| What is expected |
Among the entries below, find the lines with the word "have" and copy them.

| Input material |
lemma poly_signature_prod_quadratic:
  assumes "set ds \<subseteq> \<real>"
  shows "poly_signature (\<Prod>d\<leftarrow>ds. [:- (d * d), - of_real \<mu>, 1:]) = int (length (filter (\<lambda>d. d = 0) ds)) * int_sgn \<mu>"
  using assms
proof (induction ds)
  case Nil
  show ?case by (simp add: poly_signature_def root_count_def)
next
  case (Cons d ds)
  then obtain r where d: "d = of_real r" by (auto elim: Reals_cases)
  have "poly_signature (\<Prod>d\<leftarrow>d # ds. [:- (d * d), - of_real \<mu>, 1:]) =
      poly_signature [:- (d * d), - of_real \<mu>, 1:] + poly_signature (\<Prod>d\<leftarrow>ds. [:- (d * d), - of_real \<mu>, 1:])"
    unfolding list.map prod_list.Cons by (rule poly_signature_mult) (auto simp: prod_list_zero_iff)
  thus ?case using Cons poly_signature_quadratic[of r \<mu>] by (simp add: d algebra_simps)
qed

lemma order_prod_linear: "Polynomial.order a (\<Prod>d\<leftarrow>ds. [:- d, 1:]) = length (filter (\<lambda>d. d = a) ds)"
proof (induction ds)
  case (Cons d ds)
  have linear: "Polynomial.order a [:- d, 1:] = (if d = a then 1 else 0)"
    using order_power_n_n[of a 1] by (auto intro: order_0I)
  have "(\<Prod>d\<leftarrow>ds. [:- d, 1:]) \<noteq> 0" by (auto simp: prod_list_zero_iff)
  hence nz: "[:- d, 1:] * (\<Prod>d\<leftarrow>ds. [:- d, 1:]) \<noteq> 0" by (simp only: mult_eq_0_iff) simp
  show ?case using Cons linear unfolding list.map prod_list.Cons order_mult[OF nz] by simp
qed simp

| Solution |
  have "poly_signature (\<Prod>d\<leftarrow>d # ds. [:- (d * d), - of_real \<mu>, 1:]) =
  have linear: "Polynomial.order a [:- d, 1:] = (if d = a then 1 else 0)"
  have "(\<Prod>d\<leftarrow>ds. [:- d, 1:]) \<noteq> 0" by (auto simp: prod_list_zero_iff)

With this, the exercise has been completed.